The country is grappling with a record-high rate of daily infections, which saw the introduction of strict curbs in the past few months, denting economic activity.

Broader Asian stocks were somewhat muted, as a batch of weak economic data raised concerns over slowing near-term growth. Stocks also took a weak lead-in from Wall Street, which fell on Friday after data showed U.S. nonfarm payrolls grew more than expected in November.

The reading gives the Federal Reserve more space to keep hiking interest rates, given that the central bank said it would seek some cooling in the jobs market as part of its stance against inflation.

Stocks with higher risk exposure declined after the reading, with most Southeast Asian bourses retreating sharply. Malaysian stocks were the worst performers in the region, down 0.6%.

Japan’s Nikkei 225 index rose 0.1% as data showed the country’s business activity shrank substantially in November, heralding more pressure on the Japanese economy.
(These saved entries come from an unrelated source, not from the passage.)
(* Fix $k\in\mathbb{N}$, positive constants $b_0,b_1,b_2,\lambda_0,\lambda_1$ and $\mu\in(0,1)$. There exists $C>0$ depending only on $b_0,b_1,\lambda_0,\lambda_1,\mu$ (and the fixed $k$) such that the following holds. Let $T\geq10$, $\ell<r$, $a^\pm\in\mathbb{R}^k$, $g:[\ell,r]\to\mathbb{R}$ Lipschitz with $g(\ell)=g(r)=0$, and $P\subset\big((\ell,\ell+T^{1/2})\cup(r-T^{1/2},r)\big)\cap(\ell,r)$ finite. Suppose that $r-\ell\leq b_0T$, $|P|\leq b_0T$, $|g(x)-g(y)|\leq b_1T|x-y|$ for all $x,y$, $a^\pm_j-a^\pm_{j+1}\geq\lambda_0T^{1/2}$ for $j\in\{1,\dots,k-1\}$, $a^-_k-g(\ell)\geq\lambda_1T$, $a^+_k-g(r)\geq\lambda_1T$, $a^-_1-g(\ell)\leq b_2T^2$, $a^+_1-g(r)\leq b_2T^2$. Then $\mathbb{P}_{\mathcal{L}}(\mathsf{H})\geq C^{-1}e^{-CT^{5/2}}$.
   Context: $\mathbb{P}_{\mathrm{free}}$ is the law of $k$ independent Brownian bridges (diffusion parameter one) $\mathcal{L}=(\mathcal{L}_1,\dots,\mathcal{L}_k)$ on $[\ell,r]$ with $\mathcal{L}_j(\ell)=a^-_j$, $\mathcal{L}_j(r)=a^+_j$. $W(\mathcal{L})=1$ if $\mathcal{L}_j(p)>g(p)$ for all $p\in P$ and all $j$, and $0$ otherwise; $\mathbb{P}_{\mathcal{L}}$ is given by $d\mathbb{P}_{\mathcal{L}}/d\mathbb{P}_{\mathrm{free}}=W/\mathbb{E}_{\mathrm{free}}[W]$. $\mathsf{H}$ is the event that $\mathcal{L}_j(p)-\mathcal{L}_{j+1}(p)\geq\mu\lambda_0T^{1/2}$ for all $p\in P$, $j\in\{1,\dots,k-1\}$, and $\mathcal{L}_k(p)-g(p)\geq\mu\lambda_1T$ for all $p\in P$. *)

theory Defs
  imports "HOL-Probability.Probability"
begin

definition heat_kernel :: "real \<Rightarrow> real \<Rightarrow> real" where
  "heat_kernel t x = exp (- (x\<^sup>2) / (2 * t)) / sqrt (2 * pi * t)"

text \<open>Joint density of a single Brownian bridge on [l,r] from a to b, observed at the
  strictly increasing interior times ps, evaluated at the values y p (p in ps).\<close>
definition bb_density :: "real \<Rightarrow> real \<Rightarrow> real \<Rightarrow> real \<Rightarrow> real list \<Rightarrow> (real \<Rightarrow> real) \<Rightarrow> real" where
  "bb_density l r a b ps y =
     (let ts = l # ps @ [r]; xs = a # map y ps @ [b] in
      (\<Prod>i<length ps + 1. heat_kernel (ts ! (i+1) - ts ! i) (xs ! (i+1) - xs ! i))
      / heat_kernel (r - l) (b - a))"

text \<open>Finite-dimensional marginal of P_free: the law of (L_j(p)) for j in {1..k}, p in P, where
  L_1,...,L_k are independent Brownian bridges on [l,r] with L_j(l) = am j, L_j(r) = ap j.\<close>
definition free_fdd ::
  "nat \<Rightarrow> real \<Rightarrow> real \<Rightarrow> (nat \<Rightarrow> real) \<Rightarrow> (nat \<Rightarrow> real) \<Rightarrow> real set \<Rightarrow> (nat \<times> real \<Rightarrow> real) measure" where
  "free_fdd k l r am ap P =
     density (PiM ({1..k} \<times> P) (\<lambda>_. lborel))
       (\<lambda>x. ennreal (\<Prod>j\<in>{1..k}. bb_density l r (am j) (ap j) (sorted_list_of_set P) (\<lambda>p. x (j, p))))"

definition W_event :: "nat \<Rightarrow> real set \<Rightarrow> (real \<Rightarrow> real) \<Rightarrow> (nat \<times> real \<Rightarrow> real) set" where
  "W_event k P g = {x \<in> space (PiM ({1..k} \<times> P) (\<lambda>_. lborel)). \<forall>j\<in>{1..k}. \<forall>p\<in>P. x (j, p) > g p}"

definition H_event :: "nat \<Rightarrow> real set \<Rightarrow> (real \<Rightarrow> real) \<Rightarrow> real \<Rightarrow> real \<Rightarrow> real \<Rightarrow> real \<Rightarrow>
    (nat \<times> real \<Rightarrow> real) set" where
  "H_event k P g \<mu> lam0 lam1 T = {x \<in> space (PiM ({1..k} \<times> P) (\<lambda>_. lborel)).
      (\<forall>p\<in>P. \<forall>j\<in>{1..<k}. x (j, p) - x (j+1, p) \<ge> \<mu> * lam0 * sqrt T)
    \<and> (\<forall>p\<in>P. x (k, p) - g p \<ge> \<mu> * lam1 * T)}"

text \<open>P_L(H) = E_free[W 1_H] / E_free[W].\<close>
definition PL_H :: "nat \<Rightarrow> real \<Rightarrow> real \<Rightarrow> (nat \<Rightarrow> real) \<Rightarrow> (nat \<Rightarrow> real) \<Rightarrow> real set \<Rightarrow> (real \<Rightarrow> real)
    \<Rightarrow> real \<Rightarrow> real \<Rightarrow> real \<Rightarrow> real \<Rightarrow> real" where
  "PL_H k l r am ap P g \<mu> lam0 lam1 T =
     measure (free_fdd k l r am ap P) (W_event k P g \<inter> H_event k P g \<mu> lam0 lam1 T)
     / measure (free_fdd k l r am ap P) (W_event k P g)"

end

theory Submission
  imports Defs
begin

text \<open>Since \<open>P_free(W) \<le> 1\<close>, it suffices to bound \<open>P_free(W \<inter> H)\<close> from below. Around each
  curve put a tube of fixed width \<open>w\<close> about the chord joining its boundary values, lifted by the
  tent \<open>K min(p - l, r - p)\<close> with \<open>K = b1 T\<close>; the tent dominates \<open>g\<close>, so for small \<open>w\<close> the
  whole tube lies in \<open>W \<inter> H\<close>. The Brownian bridge density is a product of heat kernels, so
  the observations can be integrated out one at a time, the latest first: given the earlier
  ones, each is Gaussian with the bridge mean and variance, and its window in the tube has mass
  at least \<open>c / (1 + sqrt (b0 T)) * exp (- cost)\<close> with \<open>c\<close> depending only on \<open>w\<close>. The cost is
  at most \<open>4 K\<^sup>2\<close> times the time step and is only paid left of the midpoint, so it telescopes
  over the points within \<open>sqrt T\<close> of \<open>l\<close> and is paid once more for the first point beyond the
  midpoint: at most \<open>8 K\<^sup>2 sqrt T = 8 b1\<^sup>2 T^(5/2)\<close> in total. With \<open>|P| \<le> b0 T\<close> the tube has
  probability at least \<open>exp (- C T^(5/2))\<close>.\<close>

section \<open>Gaussian kernels\<close>

lemma heat_kernel_pos: "0 < t \<Longrightarrow> 0 < heat_kernel t x"
  by (simp add: heat_kernel_def)

lemma heat_kernel_nonneg: "0 \<le> t \<Longrightarrow> 0 \<le> heat_kernel t x"
  by (simp add: heat_kernel_def)

lemma heat_kernel_bridge:
  fixes s t a b y :: real
  assumes s: "0 < s" and t: "0 < t"
  shows "heat_kernel s (y - a) * heat_kernel t (b - y) =
    heat_kernel (s + t) (b - a) * normal_density (a + s / (s + t) * (b - a)) (sqrt (s * t / (s + t))) y"
proof -
  define d where "d = s + t"
  define X where "X = d * (y - a) - s * (b - a)"
  have d: "0 < d" using s t by (simp add: d_def)
  have "- (y - a)\<^sup>2 / (2 * s) + - (b - y)\<^sup>2 / (2 * t) =
      - (t * d * (y - a)\<^sup>2 + s * d * (b - y)\<^sup>2) / (2 * s * t * d)"
    using s t d by (simp add: field_simps)
  also have "t * d * (y - a)\<^sup>2 + s * d * (b - y)\<^sup>2 = s * t * (b - a)\<^sup>2 + X\<^sup>2"
    unfolding X_def d_def by (simp add: power2_eq_square algebra_simps)
  also have "- (s * t * (b - a)\<^sup>2 + X\<^sup>2) / (2 * s * t * d) =
      - (b - a)\<^sup>2 / (2 * d) + - (X / d)\<^sup>2 / (2 * (s * t / d))"
    using s t d by (simp add: field_simps power2_eq_square)
  also have "X / d = y - (a + s / d * (b - a))"
    using d unfolding X_def by (simp add: field_simps)
  finally have exponent: "- (y - a)\<^sup>2 / (2 * s) + - (b - y)\<^sup>2 / (2 * t) =
      - (b - a)\<^sup>2 / (2 * (s + t)) + - (y - (a + s / (s + t) * (b - a)))\<^sup>2 / (2 * (s * t / (s + t)))"
    unfolding d_def .
  have normaliser: "sqrt (2 * pi * s) * sqrt (2 * pi * t) =
      sqrt (2 * pi * (s + t)) * sqrt (2 * pi * (s * t / (s + t)))"
    using s t by (simp add: real_sqrt_mult[symmetric] field_simps)
  have "heat_kernel s (y - a) * heat_kernel t (b - y) =
      exp (- (y - a)\<^sup>2 / (2 * s) + - (b - y)\<^sup>2 / (2 * t)) / (sqrt (2 * pi * s) * sqrt (2 * pi * t))"
    unfolding heat_kernel_def exp_add by simp
  also have "\<dots> = exp (- (b - a)\<^sup>2 / (2 * (s + t)) + - (y - (a + s / (s + t) * (b - a)))\<^sup>2 / (2 * (s * t / (s + t))))
      / (sqrt (2 * pi * (s + t)) * sqrt (2 * pi * (s * t / (s + t))))"
    by (simp only: exponent normaliser)
  also have "\<dots> = heat_kernel (s + t) (b - a) * normal_density (a + s / (s + t) * (b - a)) (sqrt (s * t / (s + t))) y"
    using s t unfolding heat_kernel_def normal_density_def exp_add by simp
  finally show ?thesis .
qed

lemma nn_integral_normal_density_interval_ge:
  fixes \<mu> \<sigma> c w D :: real
  assumes \<sigma>: "0 < \<sigma>" and w: "0 < w" and D: "0 \<le> D" and dist: "\<bar>\<mu> - c\<bar> \<le> w + D"
  shows "ennreal (min (w / \<sigma>) 1 * exp (- ((D / \<sigma> + 1)\<^sup>2 / 2)) / sqrt (2 * pi))
     \<le> (\<integral>\<^sup>+ y. ennreal (normal_density \<mu> \<sigma> y) * indicator {c - w..c + w} y \<partial>lborel)"
proof -
  define L where "L = min w \<sigma>"
  have L: "0 < L" "L \<le> w" "L \<le> \<sigma>" using \<sigma> w by (auto simp: L_def)
  obtain u where u: "c - w \<le> u" "u + L \<le> c + w" and near: "\<And>y. y \<in> {u..u + L} \<Longrightarrow> \<bar>y - \<mu>\<bar> \<le> D + L"
  proof (cases "c \<le> \<mu>")
    case True
    show ?thesis
      by (rule that[of "min \<mu> (c + w) - L"]) (use True L dist D in \<open>auto simp: abs_if split: if_splits\<close>)
  next
    case False
    show ?thesis
      by (rule that[of "max \<mu> (c - w)"]) (use False L dist D in \<open>auto simp: abs_if split: if_splits\<close>)
  qed
  define m where "m = exp (- ((D + L)\<^sup>2 / (2 * \<sigma>\<^sup>2))) / (\<sigma> * sqrt (2 * pi))"
  have m: "0 \<le> m" using \<sigma> by (simp add: m_def)
  have density_ge: "m \<le> normal_density \<mu> \<sigma> y" if "y \<in> {u..u + L}" for y
  proof -
    have "(y - \<mu>)\<^sup>2 \<le> (D + L)\<^sup>2"
      using near[OF that] by (metis abs_le_square_iff abs_of_nonneg D L(1) add_nonneg_nonneg less_imp_le)
    then have "exp (- ((D + L)\<^sup>2 / (2 * \<sigma>\<^sup>2))) \<le> exp (- (y - \<mu>)\<^sup>2 / (2 * \<sigma>\<^sup>2))"
      using \<sigma> by (simp add: divide_right_mono)
    moreover have "sqrt (2 * pi * \<sigma>\<^sup>2) = \<sigma> * sqrt (2 * pi)"
      using \<sigma> by (simp add: real_sqrt_mult mult.commute)
    ultimately show ?thesis
      using \<sigma> unfolding m_def normal_density_def by (simp add: divide_right_mono)
  qed
  have "min (w / \<sigma>) 1 * exp (- ((D / \<sigma> + 1)\<^sup>2 / 2)) / sqrt (2 * pi) \<le> m * L"
  proof -
    have "(D + L)\<^sup>2 / (2 * \<sigma>\<^sup>2) = (D / \<sigma> + L / \<sigma>)\<^sup>2 / 2"
      using \<sigma> by (simp add: field_simps power2_eq_square)
    also have "\<dots> \<le> (D / \<sigma> + 1)\<^sup>2 / 2"
      using \<sigma> L D by (intro divide_right_mono power_mono) auto
    finally have "exp (- ((D / \<sigma> + 1)\<^sup>2 / 2)) \<le> exp (- ((D + L)\<^sup>2 / (2 * \<sigma>\<^sup>2)))"
      by simp
    then have "L / \<sigma> * exp (- ((D / \<sigma> + 1)\<^sup>2 / 2)) / sqrt (2 * pi)
        \<le> L / \<sigma> * exp (- ((D + L)\<^sup>2 / (2 * \<sigma>\<^sup>2))) / sqrt (2 * pi)"
      using \<sigma> L by (intro divide_right_mono mult_left_mono) auto
    moreover have "min (w / \<sigma>) 1 = L / \<sigma>"
      using \<sigma> w by (auto simp: L_def min_def field_simps)
    ultimately show ?thesis
      unfolding m_def by (simp add: field_simps)
  qed
  then have "ennreal (min (w / \<sigma>) 1 * exp (- ((D / \<sigma> + 1)\<^sup>2 / 2)) / sqrt (2 * pi))
      \<le> (\<integral>\<^sup>+ y. ennreal m * indicator {u..u + L} y \<partial>lborel)"
    using L m by (simp add: nn_integral_cmult_indicator ennreal_mult[symmetric])
  also have "\<dots> \<le> (\<integral>\<^sup>+ y. ennreal (normal_density \<mu> \<sigma> y) * indicator {c - w..c + w} y \<partial>lborel)"
    using u density_ge by (intro nn_integral_mono) (auto simp: ennreal_leI indicator_def)
  finally show ?thesis .
qed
Australia’s ASX 200 index rose 0.3%, with data showing that gross company profits in the country slumped 12.4% in the third quarter from the second. Australia’s service sector also contracted for a third straight month in November.

India’s Nifty 50 and BSE Sensex 30 indexes fell 0.2% and 0.3%, respectively, retreating further from record highs amid some uncertainty over a central bank meeting this week.

The Reserve Bank is widely expected to hike rates by a relatively smaller 25 basis points.